─── Stored data ───
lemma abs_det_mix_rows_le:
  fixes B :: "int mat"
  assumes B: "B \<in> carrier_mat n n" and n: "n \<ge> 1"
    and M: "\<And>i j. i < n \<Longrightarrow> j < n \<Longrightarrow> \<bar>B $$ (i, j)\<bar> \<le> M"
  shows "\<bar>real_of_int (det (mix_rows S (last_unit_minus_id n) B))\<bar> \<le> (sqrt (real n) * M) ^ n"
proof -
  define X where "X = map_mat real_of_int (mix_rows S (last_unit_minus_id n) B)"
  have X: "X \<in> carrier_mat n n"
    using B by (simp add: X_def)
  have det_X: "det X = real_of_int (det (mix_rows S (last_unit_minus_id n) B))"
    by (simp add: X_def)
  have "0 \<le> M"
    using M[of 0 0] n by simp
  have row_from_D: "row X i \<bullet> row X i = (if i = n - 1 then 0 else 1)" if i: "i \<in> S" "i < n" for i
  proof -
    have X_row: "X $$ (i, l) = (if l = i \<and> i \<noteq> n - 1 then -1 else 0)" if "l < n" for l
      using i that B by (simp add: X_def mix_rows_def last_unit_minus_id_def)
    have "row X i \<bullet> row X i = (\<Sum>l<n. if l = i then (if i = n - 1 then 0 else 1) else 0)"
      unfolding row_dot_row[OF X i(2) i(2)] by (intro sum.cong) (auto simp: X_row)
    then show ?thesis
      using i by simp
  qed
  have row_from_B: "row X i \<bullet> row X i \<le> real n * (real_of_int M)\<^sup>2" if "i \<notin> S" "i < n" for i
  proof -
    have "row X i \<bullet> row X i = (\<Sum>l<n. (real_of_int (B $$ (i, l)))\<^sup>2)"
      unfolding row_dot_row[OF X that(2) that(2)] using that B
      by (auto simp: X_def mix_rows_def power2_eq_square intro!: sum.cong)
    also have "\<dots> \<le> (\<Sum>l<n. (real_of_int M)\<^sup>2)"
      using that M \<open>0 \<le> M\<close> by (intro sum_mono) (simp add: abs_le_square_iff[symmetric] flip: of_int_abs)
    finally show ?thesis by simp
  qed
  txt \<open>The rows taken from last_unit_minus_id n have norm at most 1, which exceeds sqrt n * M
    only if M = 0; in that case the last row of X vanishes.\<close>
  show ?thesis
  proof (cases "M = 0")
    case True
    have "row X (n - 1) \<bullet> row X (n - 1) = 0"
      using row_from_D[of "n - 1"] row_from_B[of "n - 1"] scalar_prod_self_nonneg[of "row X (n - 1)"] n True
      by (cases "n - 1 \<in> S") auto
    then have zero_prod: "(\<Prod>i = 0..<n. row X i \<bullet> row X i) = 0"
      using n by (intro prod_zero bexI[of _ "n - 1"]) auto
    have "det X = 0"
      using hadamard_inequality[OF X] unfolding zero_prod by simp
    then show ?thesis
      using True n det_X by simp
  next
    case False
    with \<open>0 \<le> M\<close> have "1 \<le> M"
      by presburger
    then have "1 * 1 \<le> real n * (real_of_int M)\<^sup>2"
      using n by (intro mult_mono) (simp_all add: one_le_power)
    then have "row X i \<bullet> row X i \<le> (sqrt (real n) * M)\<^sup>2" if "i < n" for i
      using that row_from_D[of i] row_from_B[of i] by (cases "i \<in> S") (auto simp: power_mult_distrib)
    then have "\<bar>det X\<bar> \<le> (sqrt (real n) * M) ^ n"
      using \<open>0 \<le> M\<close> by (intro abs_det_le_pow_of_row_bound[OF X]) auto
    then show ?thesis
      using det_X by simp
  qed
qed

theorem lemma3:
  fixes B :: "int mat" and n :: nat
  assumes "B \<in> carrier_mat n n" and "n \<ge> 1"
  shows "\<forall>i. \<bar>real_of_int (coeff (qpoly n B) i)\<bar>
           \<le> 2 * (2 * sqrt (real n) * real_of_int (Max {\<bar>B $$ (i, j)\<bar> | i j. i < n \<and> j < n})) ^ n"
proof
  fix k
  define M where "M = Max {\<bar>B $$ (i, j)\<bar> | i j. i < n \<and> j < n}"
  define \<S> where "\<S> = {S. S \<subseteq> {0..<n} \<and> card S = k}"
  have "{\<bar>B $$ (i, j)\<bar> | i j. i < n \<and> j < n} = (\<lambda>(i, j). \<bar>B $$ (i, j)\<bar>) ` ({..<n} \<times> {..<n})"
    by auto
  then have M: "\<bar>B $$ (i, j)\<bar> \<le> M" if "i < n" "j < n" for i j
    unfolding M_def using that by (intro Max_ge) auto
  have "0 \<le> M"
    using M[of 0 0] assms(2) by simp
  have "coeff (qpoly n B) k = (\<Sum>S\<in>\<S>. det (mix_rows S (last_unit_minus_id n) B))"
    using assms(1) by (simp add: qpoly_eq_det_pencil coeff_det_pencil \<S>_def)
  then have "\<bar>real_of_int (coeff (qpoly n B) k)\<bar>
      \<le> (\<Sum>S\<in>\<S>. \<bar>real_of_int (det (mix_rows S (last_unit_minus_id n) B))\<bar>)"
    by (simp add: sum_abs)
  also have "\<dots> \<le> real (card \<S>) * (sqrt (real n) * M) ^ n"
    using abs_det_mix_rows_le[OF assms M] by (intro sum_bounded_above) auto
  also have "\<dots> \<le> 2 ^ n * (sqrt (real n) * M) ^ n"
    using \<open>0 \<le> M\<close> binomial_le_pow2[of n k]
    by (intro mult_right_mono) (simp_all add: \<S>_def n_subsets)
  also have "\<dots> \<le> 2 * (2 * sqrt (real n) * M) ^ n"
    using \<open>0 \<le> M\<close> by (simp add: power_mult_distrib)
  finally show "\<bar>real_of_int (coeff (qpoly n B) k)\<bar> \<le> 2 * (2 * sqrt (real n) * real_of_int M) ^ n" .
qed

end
───
─── Stored data ───
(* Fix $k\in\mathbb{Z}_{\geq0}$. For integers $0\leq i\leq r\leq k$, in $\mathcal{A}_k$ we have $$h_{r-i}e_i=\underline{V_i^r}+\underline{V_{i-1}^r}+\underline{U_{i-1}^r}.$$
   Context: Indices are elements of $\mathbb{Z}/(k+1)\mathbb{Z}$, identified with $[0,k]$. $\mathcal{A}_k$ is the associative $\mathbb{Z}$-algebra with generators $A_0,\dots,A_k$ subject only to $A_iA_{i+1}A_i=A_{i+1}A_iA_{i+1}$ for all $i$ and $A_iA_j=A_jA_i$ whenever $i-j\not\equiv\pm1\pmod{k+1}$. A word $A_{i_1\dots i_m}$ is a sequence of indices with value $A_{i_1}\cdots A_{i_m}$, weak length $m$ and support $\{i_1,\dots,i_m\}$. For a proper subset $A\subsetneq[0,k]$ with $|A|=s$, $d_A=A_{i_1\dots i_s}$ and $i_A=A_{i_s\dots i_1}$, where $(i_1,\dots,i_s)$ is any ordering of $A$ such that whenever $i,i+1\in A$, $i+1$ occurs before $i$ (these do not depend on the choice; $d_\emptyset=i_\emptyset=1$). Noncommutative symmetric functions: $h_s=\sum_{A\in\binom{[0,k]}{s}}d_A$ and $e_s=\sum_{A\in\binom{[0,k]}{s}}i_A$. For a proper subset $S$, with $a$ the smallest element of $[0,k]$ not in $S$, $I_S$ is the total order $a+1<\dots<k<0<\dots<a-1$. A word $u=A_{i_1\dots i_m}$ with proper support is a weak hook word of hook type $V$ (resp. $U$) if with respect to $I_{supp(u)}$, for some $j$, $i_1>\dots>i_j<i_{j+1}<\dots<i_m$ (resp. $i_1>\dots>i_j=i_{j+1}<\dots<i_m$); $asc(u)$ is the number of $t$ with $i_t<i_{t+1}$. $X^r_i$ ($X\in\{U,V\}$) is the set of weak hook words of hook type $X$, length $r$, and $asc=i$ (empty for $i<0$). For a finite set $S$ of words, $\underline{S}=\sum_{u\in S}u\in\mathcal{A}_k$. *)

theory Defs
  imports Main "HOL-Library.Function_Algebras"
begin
───
* _Work instructions_
Answer with a single number, the count of lines above that contain "define".

* _Written reply_
3